7.17. Headings and Counterparts. As used in this Agreement, captions and paragraph headings are provided solely for convenience and shall not be deemed to restrict, limit or interpret the meaning of the text. This Agreement may be executed in one or more counterparts, each of which shall be deemed an original, but all of which together shall constitute one and the same instrument. Photocopies, signatures reproduced by mechanical, digital or other means, and/or facsimile transmittal signature pages, may be used instead of originals.

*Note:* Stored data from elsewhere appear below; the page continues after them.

(* Let $n\ge 2$ be odd. Then there exists a matching mechanism that is resolute and symmetric (i.e. $G^*$-symmetric).
   Context: Fix $n\ge 2$, $W=\{1,\dots,n\}$ (women), $M=\{n+1,\dots,2n\}$ (men), $I=W\cup M$. Permutations compose right-to-left. A preference profile is a function $p$ on $I$ assigning to each $x\in W$ a linear order $p(x)$ on $M$ and to each $y\in M$ a linear order $p(y)$ on $W$; $\mathcal{P}$ is the set of preference profiles. A matching is a permutation $\mu$ of $I$ with $\mu(W)=M$, $\mu(M)=W$ and $\mu(\mu(z))=z$ for all $z\in I$; $\mathcal{M}$ is the set of matchings. Let $G^*=\{\varphi\in\mathrm{Sym}(I):\{\varphi(W),\varphi(M)\}=\{W,M\}\}$. For a linear order $R$ on $X\subseteq I$ and $\varphi\in\mathrm{Sym}(I)$, $\varphi R$ is the relation on $\varphi(X)$ with $(a,b)\in\varphi R$ iff $(\varphi^{-1}(a),\varphi^{-1}(b))\in R$. For $p\in\mathcal{P}$ and $\varphi\in G^*$, $p^\varphi\in\mathcal{P}$ is defined by $p^\varphi(z)=\varphi\,p(\varphi^{-1}(z))$. For a permutation $\mu$, $\mu^\varphi=\varphi\mu\varphi^{-1}$, and for a set $S$ of permutations $S^\varphi=\{\mu^\varphi:\mu\in S\}$. A matching mechanism is a correspondence $F$ from $\mathcal{P}$ to $\mathcal{M}$. $F$ is resolute if $|F(p)|=1$ for all $p$. For $U\subseteq G^*$, $F$ is $U$-symmetric if $F(p^\varphi)=F(p)^\varphi$ for all $p\in\mathcal{P}$, $\varphi\in U$; symmetric means $G^*$-symmetric. *)

theory Defs
  imports "HOL-Combinatorics.Permutations"
begin

definition women :: "nat \<Rightarrow> nat set" where "women n = {1..n}"
definition men :: "nat \<Rightarrow> nat set" where "men n = {n+1..2*n}"
definition agents :: "nat \<Rightarrow> nat set" where "agents n = women n \<union> men n"

text \<open>A preference profile assigns to each agent a (reflexive) linear order, given as a
  relation, on the opposite side; outside I it is empty (so profiles are determined by
  their values on I).\<close>
type_synonym profile = "nat \<Rightarrow> (nat \<times> nat) set"

definition profiles :: "nat \<Rightarrow> profile set" where
  "profiles n = {p. (\<forall>x\<in>women n. linear_order_on (men n) (p x))
                  \<and> (\<forall>y\<in>men n. linear_order_on (women n) (p y))
                  \<and> (\<forall>z. z \<notin> agents n \<longrightarrow> p z = {})}"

7.18. Recitals. The recitals first mentioned above are true and correct and hereby incorporated into this Agreement as if fully restated herein.
IN WITNESS WHEREOF, the Parties have caused this Agreement to be signed by their duly authorized representatives as of the Effective Date first written above.